[Stored data entries]
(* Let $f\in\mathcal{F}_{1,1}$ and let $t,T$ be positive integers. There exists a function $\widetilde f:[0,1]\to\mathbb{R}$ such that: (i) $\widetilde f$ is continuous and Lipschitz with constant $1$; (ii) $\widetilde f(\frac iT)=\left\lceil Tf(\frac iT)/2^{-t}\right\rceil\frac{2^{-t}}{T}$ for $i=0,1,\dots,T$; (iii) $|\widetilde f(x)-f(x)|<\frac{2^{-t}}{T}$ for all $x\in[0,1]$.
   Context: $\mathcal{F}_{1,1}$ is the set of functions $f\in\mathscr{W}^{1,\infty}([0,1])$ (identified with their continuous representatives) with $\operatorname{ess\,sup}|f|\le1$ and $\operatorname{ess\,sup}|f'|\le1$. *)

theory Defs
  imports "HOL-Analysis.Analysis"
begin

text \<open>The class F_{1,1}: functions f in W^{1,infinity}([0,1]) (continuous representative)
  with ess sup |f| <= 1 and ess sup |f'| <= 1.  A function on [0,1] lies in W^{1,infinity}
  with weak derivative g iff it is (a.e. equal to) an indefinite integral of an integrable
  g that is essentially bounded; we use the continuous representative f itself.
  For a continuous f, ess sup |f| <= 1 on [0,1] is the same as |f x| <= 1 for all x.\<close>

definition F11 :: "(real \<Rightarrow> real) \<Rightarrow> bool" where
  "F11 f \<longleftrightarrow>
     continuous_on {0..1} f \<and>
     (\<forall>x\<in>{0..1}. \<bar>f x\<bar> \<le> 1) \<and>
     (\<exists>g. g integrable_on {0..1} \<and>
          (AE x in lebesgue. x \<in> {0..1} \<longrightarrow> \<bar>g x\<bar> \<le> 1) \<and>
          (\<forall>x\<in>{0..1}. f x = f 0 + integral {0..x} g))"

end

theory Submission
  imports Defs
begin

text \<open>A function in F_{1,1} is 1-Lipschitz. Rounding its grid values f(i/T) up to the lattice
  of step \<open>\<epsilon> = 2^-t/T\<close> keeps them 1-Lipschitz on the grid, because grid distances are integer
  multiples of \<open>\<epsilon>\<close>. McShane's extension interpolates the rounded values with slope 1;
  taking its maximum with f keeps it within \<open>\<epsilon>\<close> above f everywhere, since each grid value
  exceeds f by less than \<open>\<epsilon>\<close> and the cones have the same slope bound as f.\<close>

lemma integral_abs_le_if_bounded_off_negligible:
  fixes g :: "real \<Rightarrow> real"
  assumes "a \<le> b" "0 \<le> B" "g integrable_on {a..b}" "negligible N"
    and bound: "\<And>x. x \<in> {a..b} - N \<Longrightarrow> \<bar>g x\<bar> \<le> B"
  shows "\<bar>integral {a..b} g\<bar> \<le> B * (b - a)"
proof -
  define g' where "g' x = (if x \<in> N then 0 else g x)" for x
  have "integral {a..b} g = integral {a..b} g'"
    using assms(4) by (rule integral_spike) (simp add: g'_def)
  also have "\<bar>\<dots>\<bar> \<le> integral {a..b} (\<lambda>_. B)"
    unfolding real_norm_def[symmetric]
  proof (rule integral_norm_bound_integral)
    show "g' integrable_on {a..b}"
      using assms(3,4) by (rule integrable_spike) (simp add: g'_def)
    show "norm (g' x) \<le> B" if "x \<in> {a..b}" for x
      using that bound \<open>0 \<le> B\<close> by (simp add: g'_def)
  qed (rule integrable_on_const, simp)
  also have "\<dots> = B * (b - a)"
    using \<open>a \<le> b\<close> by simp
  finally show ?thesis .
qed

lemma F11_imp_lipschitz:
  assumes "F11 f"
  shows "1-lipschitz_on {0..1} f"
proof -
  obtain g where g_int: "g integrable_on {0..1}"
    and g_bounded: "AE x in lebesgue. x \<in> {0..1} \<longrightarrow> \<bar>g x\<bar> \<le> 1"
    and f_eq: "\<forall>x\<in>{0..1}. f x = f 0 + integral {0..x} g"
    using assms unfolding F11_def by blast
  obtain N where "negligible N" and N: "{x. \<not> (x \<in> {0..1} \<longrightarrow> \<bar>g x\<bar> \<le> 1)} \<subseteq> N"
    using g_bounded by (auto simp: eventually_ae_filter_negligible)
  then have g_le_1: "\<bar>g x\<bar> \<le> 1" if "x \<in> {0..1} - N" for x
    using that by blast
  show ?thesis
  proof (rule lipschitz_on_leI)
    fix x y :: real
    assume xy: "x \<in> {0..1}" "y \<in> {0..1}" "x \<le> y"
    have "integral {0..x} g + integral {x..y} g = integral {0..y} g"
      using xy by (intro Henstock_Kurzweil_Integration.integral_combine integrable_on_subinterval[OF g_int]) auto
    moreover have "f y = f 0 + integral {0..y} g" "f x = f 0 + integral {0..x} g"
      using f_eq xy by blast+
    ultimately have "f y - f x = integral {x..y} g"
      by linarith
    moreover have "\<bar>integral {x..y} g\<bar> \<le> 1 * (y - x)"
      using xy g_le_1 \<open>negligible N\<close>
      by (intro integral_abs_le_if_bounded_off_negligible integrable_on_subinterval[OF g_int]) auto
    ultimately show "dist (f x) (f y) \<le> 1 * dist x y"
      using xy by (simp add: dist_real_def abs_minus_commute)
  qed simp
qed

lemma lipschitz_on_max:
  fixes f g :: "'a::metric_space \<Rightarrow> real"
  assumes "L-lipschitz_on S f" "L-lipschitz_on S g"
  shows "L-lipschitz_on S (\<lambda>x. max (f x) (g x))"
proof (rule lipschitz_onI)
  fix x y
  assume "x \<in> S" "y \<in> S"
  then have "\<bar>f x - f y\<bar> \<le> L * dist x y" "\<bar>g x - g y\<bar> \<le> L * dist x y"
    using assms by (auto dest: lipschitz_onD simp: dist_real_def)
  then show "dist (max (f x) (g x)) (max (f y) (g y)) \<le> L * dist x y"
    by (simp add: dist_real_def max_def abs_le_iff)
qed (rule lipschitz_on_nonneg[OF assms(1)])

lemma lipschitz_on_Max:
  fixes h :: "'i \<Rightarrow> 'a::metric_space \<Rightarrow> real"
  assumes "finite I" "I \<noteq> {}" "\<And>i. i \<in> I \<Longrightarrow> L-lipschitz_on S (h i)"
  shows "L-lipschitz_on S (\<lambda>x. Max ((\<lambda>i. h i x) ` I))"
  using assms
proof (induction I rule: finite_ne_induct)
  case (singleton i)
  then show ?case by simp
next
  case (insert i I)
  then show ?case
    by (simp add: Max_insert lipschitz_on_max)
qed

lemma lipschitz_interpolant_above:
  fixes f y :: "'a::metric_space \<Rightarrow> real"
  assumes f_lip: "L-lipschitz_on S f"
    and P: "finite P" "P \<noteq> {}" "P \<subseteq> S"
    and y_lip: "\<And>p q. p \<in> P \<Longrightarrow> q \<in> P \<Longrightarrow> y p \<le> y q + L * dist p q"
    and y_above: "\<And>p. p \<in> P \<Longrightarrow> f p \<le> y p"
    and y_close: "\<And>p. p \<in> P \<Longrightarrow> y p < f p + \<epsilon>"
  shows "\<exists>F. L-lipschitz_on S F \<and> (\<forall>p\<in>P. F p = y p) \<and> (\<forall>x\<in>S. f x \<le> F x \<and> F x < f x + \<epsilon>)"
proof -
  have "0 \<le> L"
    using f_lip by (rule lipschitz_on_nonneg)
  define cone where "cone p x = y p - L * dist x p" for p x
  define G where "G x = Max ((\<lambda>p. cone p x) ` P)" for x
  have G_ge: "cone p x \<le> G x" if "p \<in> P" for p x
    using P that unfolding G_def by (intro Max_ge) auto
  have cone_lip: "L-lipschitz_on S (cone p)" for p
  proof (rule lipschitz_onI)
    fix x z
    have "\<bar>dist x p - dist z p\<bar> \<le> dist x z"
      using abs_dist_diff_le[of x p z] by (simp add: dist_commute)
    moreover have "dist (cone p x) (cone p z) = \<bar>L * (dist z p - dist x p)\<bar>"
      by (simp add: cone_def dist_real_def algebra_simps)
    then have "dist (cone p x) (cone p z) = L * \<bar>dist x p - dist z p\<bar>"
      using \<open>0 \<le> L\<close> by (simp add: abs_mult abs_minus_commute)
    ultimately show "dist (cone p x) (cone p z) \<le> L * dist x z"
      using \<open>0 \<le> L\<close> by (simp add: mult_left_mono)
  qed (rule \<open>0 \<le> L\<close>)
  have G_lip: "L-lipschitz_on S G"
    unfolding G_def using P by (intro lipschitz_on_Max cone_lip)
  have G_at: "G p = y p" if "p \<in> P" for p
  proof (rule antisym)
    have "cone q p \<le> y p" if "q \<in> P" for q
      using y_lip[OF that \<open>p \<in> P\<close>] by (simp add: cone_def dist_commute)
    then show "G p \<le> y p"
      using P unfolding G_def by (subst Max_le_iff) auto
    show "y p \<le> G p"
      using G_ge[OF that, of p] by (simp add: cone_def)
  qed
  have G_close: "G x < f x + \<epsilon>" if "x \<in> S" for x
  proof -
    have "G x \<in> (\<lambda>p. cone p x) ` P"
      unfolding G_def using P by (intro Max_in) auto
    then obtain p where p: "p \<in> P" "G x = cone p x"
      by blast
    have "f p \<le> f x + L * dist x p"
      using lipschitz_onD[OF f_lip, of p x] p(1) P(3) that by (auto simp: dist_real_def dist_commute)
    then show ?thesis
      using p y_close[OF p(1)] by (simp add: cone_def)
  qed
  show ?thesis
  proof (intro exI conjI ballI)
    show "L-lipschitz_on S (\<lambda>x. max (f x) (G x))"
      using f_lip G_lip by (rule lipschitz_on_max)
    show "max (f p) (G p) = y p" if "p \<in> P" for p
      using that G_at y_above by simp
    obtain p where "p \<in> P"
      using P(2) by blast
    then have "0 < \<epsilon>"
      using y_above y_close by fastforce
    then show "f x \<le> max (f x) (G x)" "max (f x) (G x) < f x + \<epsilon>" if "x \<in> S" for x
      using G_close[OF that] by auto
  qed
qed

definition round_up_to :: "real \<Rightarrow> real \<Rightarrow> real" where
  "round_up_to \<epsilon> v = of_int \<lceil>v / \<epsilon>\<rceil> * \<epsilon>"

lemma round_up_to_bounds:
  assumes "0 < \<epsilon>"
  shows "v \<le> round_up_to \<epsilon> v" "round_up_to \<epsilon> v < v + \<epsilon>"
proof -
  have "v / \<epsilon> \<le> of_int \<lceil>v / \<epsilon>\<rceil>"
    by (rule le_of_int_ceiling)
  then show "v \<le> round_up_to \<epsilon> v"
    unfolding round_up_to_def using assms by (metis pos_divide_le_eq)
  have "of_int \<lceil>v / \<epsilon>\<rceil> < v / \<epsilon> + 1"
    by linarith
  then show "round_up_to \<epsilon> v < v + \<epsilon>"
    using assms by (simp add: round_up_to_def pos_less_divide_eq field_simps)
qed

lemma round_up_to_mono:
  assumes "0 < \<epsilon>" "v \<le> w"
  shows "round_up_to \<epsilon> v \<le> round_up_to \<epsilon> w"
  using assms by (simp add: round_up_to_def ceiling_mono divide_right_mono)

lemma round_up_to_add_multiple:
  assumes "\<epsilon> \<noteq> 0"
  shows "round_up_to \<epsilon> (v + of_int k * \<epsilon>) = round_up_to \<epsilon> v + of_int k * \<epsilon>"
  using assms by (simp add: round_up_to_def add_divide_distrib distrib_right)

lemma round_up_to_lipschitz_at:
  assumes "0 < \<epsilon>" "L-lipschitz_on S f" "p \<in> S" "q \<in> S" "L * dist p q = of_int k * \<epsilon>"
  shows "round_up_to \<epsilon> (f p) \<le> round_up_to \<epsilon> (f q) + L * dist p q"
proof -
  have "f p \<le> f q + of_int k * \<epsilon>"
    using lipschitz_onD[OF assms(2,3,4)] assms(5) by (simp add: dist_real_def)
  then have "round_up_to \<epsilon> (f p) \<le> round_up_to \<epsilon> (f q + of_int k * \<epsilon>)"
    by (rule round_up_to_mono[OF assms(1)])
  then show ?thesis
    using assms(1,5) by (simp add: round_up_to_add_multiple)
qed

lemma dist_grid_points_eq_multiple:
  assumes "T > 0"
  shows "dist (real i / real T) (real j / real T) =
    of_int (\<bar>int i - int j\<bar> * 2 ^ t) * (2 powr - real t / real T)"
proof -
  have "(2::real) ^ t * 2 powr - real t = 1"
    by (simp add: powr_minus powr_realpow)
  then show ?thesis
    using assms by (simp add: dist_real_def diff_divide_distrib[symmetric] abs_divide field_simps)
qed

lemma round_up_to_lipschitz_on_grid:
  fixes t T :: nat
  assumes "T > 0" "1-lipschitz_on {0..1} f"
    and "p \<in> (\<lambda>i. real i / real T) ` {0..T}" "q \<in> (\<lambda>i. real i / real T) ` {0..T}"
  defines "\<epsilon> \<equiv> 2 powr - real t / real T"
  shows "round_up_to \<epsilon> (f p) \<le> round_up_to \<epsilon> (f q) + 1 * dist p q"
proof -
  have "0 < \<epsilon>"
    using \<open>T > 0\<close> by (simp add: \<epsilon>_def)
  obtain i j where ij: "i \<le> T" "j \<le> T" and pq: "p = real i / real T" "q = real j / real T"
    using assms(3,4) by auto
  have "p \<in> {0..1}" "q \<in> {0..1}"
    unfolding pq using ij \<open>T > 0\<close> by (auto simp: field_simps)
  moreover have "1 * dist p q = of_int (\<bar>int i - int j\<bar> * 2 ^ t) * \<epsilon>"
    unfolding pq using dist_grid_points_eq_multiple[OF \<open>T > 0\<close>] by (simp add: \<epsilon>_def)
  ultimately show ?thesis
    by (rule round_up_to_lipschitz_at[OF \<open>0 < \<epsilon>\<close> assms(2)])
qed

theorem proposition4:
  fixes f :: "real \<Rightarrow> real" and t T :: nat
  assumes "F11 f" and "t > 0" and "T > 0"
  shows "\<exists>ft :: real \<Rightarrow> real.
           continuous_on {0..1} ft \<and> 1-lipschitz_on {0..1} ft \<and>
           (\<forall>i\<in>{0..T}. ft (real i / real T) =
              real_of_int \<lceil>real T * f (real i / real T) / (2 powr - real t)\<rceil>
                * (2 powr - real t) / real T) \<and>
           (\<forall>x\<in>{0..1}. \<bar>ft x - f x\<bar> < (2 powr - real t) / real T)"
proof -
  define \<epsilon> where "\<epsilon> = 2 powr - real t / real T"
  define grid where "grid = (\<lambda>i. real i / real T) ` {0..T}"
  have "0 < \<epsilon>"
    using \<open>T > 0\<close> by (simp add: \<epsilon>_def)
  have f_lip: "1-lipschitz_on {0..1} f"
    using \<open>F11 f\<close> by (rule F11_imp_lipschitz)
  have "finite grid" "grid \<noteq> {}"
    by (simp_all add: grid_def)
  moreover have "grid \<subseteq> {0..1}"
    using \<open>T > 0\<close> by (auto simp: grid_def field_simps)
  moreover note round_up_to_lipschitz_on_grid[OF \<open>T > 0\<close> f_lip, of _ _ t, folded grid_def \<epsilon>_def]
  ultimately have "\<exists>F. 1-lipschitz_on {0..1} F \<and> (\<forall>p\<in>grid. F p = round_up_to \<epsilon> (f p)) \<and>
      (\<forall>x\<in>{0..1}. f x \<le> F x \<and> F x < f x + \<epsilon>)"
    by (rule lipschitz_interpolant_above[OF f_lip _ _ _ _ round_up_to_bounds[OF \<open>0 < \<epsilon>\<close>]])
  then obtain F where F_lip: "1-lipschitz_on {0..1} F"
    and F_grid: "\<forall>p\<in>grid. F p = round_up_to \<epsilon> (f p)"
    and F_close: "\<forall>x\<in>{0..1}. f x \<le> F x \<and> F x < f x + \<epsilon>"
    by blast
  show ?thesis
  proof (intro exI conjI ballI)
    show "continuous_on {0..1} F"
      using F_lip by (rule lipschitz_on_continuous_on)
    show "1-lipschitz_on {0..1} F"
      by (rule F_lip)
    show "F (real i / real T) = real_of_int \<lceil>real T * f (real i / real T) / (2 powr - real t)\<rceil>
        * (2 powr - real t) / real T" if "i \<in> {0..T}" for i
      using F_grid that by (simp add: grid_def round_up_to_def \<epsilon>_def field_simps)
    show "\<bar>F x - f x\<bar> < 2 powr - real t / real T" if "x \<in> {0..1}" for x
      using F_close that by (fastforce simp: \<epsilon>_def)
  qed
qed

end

--

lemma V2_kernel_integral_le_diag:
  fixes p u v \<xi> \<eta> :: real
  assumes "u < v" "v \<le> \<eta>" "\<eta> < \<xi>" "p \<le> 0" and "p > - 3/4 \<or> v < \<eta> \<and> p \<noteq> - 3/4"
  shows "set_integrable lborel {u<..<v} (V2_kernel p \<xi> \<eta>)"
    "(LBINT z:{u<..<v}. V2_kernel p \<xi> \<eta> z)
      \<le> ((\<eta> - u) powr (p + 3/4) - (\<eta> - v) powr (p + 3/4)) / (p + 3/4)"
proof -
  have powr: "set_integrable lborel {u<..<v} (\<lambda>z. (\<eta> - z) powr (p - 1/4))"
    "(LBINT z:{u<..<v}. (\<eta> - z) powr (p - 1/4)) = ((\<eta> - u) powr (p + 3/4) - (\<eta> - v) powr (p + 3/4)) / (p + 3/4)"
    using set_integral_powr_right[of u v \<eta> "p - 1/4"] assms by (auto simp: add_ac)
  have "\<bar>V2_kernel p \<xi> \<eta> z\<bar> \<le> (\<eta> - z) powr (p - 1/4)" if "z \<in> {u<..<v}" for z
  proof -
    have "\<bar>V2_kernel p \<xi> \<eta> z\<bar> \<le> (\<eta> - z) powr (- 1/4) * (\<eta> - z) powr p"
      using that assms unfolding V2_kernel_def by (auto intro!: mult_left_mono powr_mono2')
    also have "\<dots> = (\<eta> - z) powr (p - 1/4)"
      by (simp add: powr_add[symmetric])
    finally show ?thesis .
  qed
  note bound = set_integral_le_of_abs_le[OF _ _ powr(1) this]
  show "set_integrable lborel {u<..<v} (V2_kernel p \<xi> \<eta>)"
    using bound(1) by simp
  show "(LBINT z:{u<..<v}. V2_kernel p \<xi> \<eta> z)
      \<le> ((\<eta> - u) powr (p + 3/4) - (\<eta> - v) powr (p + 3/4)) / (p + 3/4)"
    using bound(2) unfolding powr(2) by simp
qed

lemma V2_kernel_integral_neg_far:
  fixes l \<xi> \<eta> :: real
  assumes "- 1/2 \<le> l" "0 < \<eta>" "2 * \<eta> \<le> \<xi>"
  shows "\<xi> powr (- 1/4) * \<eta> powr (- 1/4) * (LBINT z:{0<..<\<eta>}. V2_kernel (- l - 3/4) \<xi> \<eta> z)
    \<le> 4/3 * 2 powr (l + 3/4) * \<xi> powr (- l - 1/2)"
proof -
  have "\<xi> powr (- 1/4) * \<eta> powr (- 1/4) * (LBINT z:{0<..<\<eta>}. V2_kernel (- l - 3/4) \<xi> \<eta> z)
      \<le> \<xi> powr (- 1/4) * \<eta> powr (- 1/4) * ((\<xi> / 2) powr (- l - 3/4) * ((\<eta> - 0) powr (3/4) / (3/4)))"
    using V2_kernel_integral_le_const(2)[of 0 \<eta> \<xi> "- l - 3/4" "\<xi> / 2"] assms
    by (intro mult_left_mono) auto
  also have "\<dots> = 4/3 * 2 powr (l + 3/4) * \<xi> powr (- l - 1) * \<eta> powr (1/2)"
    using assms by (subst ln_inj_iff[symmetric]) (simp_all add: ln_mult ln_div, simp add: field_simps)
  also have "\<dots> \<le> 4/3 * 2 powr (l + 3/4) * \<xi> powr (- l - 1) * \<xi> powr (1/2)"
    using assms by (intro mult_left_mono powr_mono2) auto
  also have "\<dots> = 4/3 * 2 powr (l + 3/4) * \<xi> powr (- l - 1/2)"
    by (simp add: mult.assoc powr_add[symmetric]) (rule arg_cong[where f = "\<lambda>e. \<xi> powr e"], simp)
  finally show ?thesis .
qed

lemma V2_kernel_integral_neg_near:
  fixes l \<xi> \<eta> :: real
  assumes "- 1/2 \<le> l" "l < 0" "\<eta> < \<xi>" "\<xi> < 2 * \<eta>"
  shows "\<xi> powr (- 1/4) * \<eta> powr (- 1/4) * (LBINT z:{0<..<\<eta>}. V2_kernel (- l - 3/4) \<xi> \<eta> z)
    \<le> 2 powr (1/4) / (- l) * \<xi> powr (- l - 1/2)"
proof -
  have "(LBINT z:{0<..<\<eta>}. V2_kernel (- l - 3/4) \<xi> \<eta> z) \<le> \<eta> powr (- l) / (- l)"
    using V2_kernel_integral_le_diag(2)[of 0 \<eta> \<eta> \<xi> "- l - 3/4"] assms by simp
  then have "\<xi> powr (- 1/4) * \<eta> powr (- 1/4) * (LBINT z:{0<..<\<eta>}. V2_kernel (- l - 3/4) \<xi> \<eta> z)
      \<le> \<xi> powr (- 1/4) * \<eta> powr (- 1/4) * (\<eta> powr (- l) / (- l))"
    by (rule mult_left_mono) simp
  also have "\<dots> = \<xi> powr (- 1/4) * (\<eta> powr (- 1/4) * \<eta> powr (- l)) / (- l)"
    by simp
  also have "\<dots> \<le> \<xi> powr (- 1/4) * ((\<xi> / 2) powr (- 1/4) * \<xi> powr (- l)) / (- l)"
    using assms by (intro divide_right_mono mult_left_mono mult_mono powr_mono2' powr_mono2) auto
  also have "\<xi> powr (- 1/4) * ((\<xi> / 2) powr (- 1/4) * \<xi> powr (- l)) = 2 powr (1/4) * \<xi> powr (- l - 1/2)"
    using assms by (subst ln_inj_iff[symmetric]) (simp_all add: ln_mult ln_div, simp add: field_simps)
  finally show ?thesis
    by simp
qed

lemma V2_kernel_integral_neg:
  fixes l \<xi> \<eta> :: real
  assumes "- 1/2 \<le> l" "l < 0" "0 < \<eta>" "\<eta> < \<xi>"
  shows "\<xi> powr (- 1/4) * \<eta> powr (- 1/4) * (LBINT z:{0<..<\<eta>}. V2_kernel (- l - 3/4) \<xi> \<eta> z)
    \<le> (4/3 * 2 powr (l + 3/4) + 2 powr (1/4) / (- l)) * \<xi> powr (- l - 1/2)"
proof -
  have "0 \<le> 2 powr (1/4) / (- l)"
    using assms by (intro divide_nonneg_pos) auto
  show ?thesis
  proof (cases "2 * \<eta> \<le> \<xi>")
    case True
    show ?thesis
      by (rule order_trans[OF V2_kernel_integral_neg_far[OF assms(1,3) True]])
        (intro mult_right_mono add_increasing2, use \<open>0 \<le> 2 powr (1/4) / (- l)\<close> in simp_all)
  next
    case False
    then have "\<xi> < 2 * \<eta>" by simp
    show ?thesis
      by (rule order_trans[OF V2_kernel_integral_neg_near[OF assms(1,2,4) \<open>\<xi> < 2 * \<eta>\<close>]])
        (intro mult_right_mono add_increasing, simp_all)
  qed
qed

---

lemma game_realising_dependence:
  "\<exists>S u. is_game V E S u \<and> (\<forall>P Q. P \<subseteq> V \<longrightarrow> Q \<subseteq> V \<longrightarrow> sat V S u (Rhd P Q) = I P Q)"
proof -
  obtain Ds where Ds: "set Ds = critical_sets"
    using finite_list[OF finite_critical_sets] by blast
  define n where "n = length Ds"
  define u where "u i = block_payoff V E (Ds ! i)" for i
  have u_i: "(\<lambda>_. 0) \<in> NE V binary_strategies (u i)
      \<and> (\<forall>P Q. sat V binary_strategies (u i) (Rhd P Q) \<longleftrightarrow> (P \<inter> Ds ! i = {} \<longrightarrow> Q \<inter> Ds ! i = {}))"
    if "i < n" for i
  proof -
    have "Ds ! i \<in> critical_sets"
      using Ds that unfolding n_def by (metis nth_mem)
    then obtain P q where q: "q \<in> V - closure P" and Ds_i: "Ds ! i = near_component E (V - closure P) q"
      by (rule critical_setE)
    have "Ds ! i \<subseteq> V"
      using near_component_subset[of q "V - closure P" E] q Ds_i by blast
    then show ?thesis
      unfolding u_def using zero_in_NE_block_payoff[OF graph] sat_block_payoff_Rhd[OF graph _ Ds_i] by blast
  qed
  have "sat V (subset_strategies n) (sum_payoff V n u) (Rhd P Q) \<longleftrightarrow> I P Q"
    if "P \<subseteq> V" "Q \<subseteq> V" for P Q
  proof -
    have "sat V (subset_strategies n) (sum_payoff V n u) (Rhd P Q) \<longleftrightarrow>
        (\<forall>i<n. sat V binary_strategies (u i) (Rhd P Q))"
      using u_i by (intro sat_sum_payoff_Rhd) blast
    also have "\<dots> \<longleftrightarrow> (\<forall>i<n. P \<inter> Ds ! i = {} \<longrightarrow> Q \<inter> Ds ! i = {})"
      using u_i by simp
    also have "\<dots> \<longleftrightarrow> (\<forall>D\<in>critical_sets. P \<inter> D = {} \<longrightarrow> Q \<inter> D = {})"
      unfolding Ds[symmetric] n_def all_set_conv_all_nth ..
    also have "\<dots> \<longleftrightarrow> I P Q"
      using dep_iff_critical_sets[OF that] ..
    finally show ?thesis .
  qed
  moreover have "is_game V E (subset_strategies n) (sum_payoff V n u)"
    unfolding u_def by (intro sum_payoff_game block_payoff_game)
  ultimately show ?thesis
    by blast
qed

### Directions:
Bring together every line in the entries that holds the string "imports".

### Response area:
  imports "HOL-Analysis.Analysis"
  imports Defs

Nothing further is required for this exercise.